## TASK BRIEF
Below are records; how many of their lines contain "setminus"? Give the number and no other words.

[Saved entries]

(* Let $\|\cdot\|$ be a $C^2$ and strictly convex norm on $\mathbb{R}^2$. Then for every $\varepsilon>0$ there exists $R>0$ such that for all points $a,b\in\mathbb{R}^2$ with $a\neq b$ and $\|b-a\|=1$, $$\sup\{\mathrm{dist}(z,L(a,b)) : z\in M(a,b)\setminus B(a,R)\}\leq\varepsilon,$$ where $\mathrm{dist}$ is the Euclidean distance and $B(a,R)$ the Euclidean open ball of center $a$ and radius $R$.
   Context: The norm is called $C^2$ and strictly convex if $x\mapsto\|x\|$ is $C^2$ on $\mathbb{R}^2\setminus\{0\}$ and the unit sphere $\partial B_{\|\cdot\|}(0,1)=\{\|x\|=1\}$ is a $C^2$ curve with strictly positive curvature (equivalently $D^2\|x\|(h,h)>0$ for $x\ne0$, $h$ not parallel to $x$). For $a,b\in\mathbb{R}^2$ the curve bisector is $M(a,b)=\{z\in\mathbb{R}^2:\|a-z\|=\|b-z\|\}$. For $x$ with $\|x\|=1$, there are exactly two points $y_1,y_2$ (with $y_2=-y_1$) on the unit sphere at which the tangent line to the unit sphere is directed by $x$; $L_x$ denotes the line through $y_1$ and $y_2$ (a line through the origin). For $x\neq0$ with $\|x\|\neq1$, $L_x:=L_{x/\|x\|}$. Finally $L(a,b):=\frac{a+b}{2}+L_{b-a}$. *)

theory Defs
  imports "HOL-Analysis.Analysis"
begin

definition is_norm2 :: "(real^2 \<Rightarrow> real) \<Rightarrow> bool" where
  "is_norm2 N \<longleftrightarrow>
     (\<forall>x. 0 \<le> N x) \<and> (\<forall>x. N x = 0 \<longrightarrow> x = 0) \<and>
     (\<forall>c x. N (c *\<^sub>R x) = \<bar>c\<bar> * N x) \<and>
     (\<forall>x y. N (x + y) \<le> N x + N y)"

definition C2_strictly_convex_norm :: "(real^2 \<Rightarrow> real) \<Rightarrow> bool" where
  "C2_strictly_convex_norm N \<longleftrightarrow> is_norm2 N \<and>
     (\<exists>G :: real^2 \<Rightarrow> real^2. \<exists>H :: real^2 \<Rightarrow> real^2^2.
        (\<forall>x. x \<noteq> 0 \<longrightarrow> (N has_derivative (\<lambda>h. G x \<bullet> h)) (at x)) \<and>
        (\<forall>x. x \<noteq> 0 \<longrightarrow> (G has_derivative (\<lambda>h. H x *v h)) (at x)) \<and>
        continuous_on (UNIV - {0}) H \<and>
        (\<forall>x h. x \<noteq> 0 \<longrightarrow> \<not> (\<exists>c. h = c *\<^sub>R x) \<longrightarrow> h \<bullet> (H x *v h) > 0))"

definition bisector :: "(real^2 \<Rightarrow> real) \<Rightarrow> real^2 \<Rightarrow> real^2 \<Rightarrow> (real^2) set" where
  "bisector N a b = {z. N (a - z) = N (b - z)}"

text \<open>The tangent line to the unit sphere \<open>{N = 1}\<close> at \<open>y\<close> is directed by \<open>u\<close>
  iff the differential of \<open>N\<close> at \<open>y\<close> vanishes on \<open>u\<close>.\<close>
definition tangent_directed :: "(real^2 \<Rightarrow> real) \<Rightarrow> real^2 \<Rightarrow> real^2 \<Rightarrow> bool" where
  "tangent_directed N y u \<longleftrightarrow> (\<exists>D. (N has_derivative D) (at y) \<and> D u = 0)"

text \<open>\<open>L_x\<close>: the line through the (two, antipodal) points \<open>y\<close> of the unit sphere at which
  the tangent is directed by \<open>x / N x\<close>; written as the union of the lines \<open>\<real> y\<close>.\<close>
definition Ldir :: "(real^2 \<Rightarrow> real) \<Rightarrow> real^2 \<Rightarrow> (real^2) set" where
  "Ldir N x = (let u = x /\<^sub>R N x in
      {t *\<^sub>R y | t y. N y = 1 \<and> tangent_directed N y u})"

definition Lab :: "(real^2 \<Rightarrow> real) \<Rightarrow> real^2 \<Rightarrow> real^2 \<Rightarrow> (real^2) set" where
  "Lab N a b = (\<lambda>v. (1/2) *\<^sub>R (a + b) + v) ` Ldir N (b - a)"

end

theory Submission
  imports Defs
begin

text \<open>Put \<open>w = b - a\<close> and \<open>q = z - (a + b)/2\<close>. The point \<open>z\<close> lies on the bisector iff
  \<open>s \<mapsto> N (q + s w)\<close> takes equal values at \<open>s = \<plusminus>1/2\<close>, so by Rolle its derivative
  \<open>\<nabla>N (q + \<sigma> w) \<bullet> w\<close> vanishes at some \<open>\<sigma>\<close>; then \<open>q + \<sigma> w \<in> L\<^sub>w\<close> and \<open>z\<close> is within
  \<open>|\<sigma>| |w|\<close> of \<open>L(a, b)\<close>. The second derivative along the chord is the Hessian form, which is
  homogeneous of degree \<open>-1\<close>; after rescaling by \<open>|q|\<close> the chord lies in a fixed annulus, where
  the Hessian form is uniformly continuous and, by strict convexity and compactness, bounded
  below in the directions tangent to the level curves. A function on \<open>[-1/2, 1/2]\<close> with equal
  end values and an almost constant positive second derivative has its critical point near \<open>0\<close>,
  so \<open>\<sigma> \<rightarrow> 0\<close> uniformly as \<open>|z - a| \<rightarrow> \<infinity>\<close>.\<close>

lemma is_norm2_minus: "is_norm2 N \<Longrightarrow> N (- x) = N x"
  unfolding is_norm2_def by (metis abs_minus_cancel abs_one mult_1 scaleR_minus1_left)

lemma is_norm2_scaleR: "is_norm2 N \<Longrightarrow> 0 \<le> c \<Longrightarrow> N (c *\<^sub>R x) = c * N x"
  unfolding is_norm2_def by simp

lemma is_norm2_zero: "is_norm2 N \<Longrightarrow> N 0 = 0"
  using is_norm2_scaleR[of N 0 0] by simp

lemma is_norm2_pos: "is_norm2 N \<Longrightarrow> x \<noteq> 0 \<Longrightarrow> 0 < N x"
  unfolding is_norm2_def by (metis less_eq_real_def)

lemma is_norm2_continuous:
  assumes "is_norm2 N"
  shows "continuous_on UNIV N"
proof -
  have "convex_on UNIV N"
  proof (rule convex_onI)
    fix t :: real and x y :: "real^2"
    assume t: "0 < t" "t < 1"
    have "N ((1 - t) *\<^sub>R x + t *\<^sub>R y) \<le> N ((1 - t) *\<^sub>R x) + N (t *\<^sub>R y)"
      using assms unfolding is_norm2_def by blast
    also have "\<dots> = (1 - t) * N x + t * N y"
      using is_norm2_scaleR[OF assms] t by simp
    finally show "N ((1 - t) *\<^sub>R x + t *\<^sub>R y) \<le> (1 - t) * N x + t * N y" .
  qed simp
  then show ?thesis
    by (intro convex_on_continuous) auto
qed

lemma is_norm2_unit_sphere_bounded:
  assumes "is_norm2 N"
  obtains C where "0 < C" "\<And>w. N w = 1 \<Longrightarrow> norm w \<le> C"
proof -
  obtain x0 :: "real^2" where x0: "x0 \<in> sphere 0 1" "\<And>y. y \<in> sphere 0 1 \<Longrightarrow> N x0 \<le> N y"
    using continuous_attains_inf[OF compact_sphere _ continuous_on_subset[OF is_norm2_continuous[OF assms]]]
    by (metis sphere_eq_empty subset_UNIV zero_le_one not_le)
  have c: "0 < N x0"
    using x0(1) is_norm2_pos[OF assms, of x0] by (cases "x0 = 0") auto
  have "norm w \<le> 1 / N x0" if "N w = 1" for w
  proof -
    have "w \<noteq> 0"
      using that is_norm2_zero[OF assms] by auto
    then have "N x0 \<le> N ((1 / norm w) *\<^sub>R w)"
      using x0(2) by simp
    also have "\<dots> = 1 / norm w"
      using is_norm2_scaleR[OF assms, of "1 / norm w" w] that by simp
    finally show ?thesis
      using c \<open>w \<noteq> 0\<close> by (simp add: field_simps)
  qed
  then show thesis
    using c by (intro that[of "1 / N x0"]) auto
qed

lemma bisector_midpoint_offset:
  assumes "is_norm2 N" "z \<in> bisector N a b"
  shows "N ((z - (1/2) *\<^sub>R (a + b)) + (1/2) *\<^sub>R (b - a))
       = N ((z - (1/2) *\<^sub>R (a + b)) + (-1/2) *\<^sub>R (b - a))"
proof -
  have offsets: "(z - (1/2) *\<^sub>R (a + b)) + (1/2) *\<^sub>R (b - a) = - (a - z)"
    "(z - (1/2) *\<^sub>R (a + b)) + (-1/2) *\<^sub>R (b - a) = - (b - z)"
    by (simp_all add: vec_eq_iff field_simps)
  show ?thesis
    using assms is_norm2_minus[OF assms(1), of "a - z"] is_norm2_minus[OF assms(1), of "b - z"]
    unfolding offsets bisector_def by simp
qed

## FINISHED TASK
2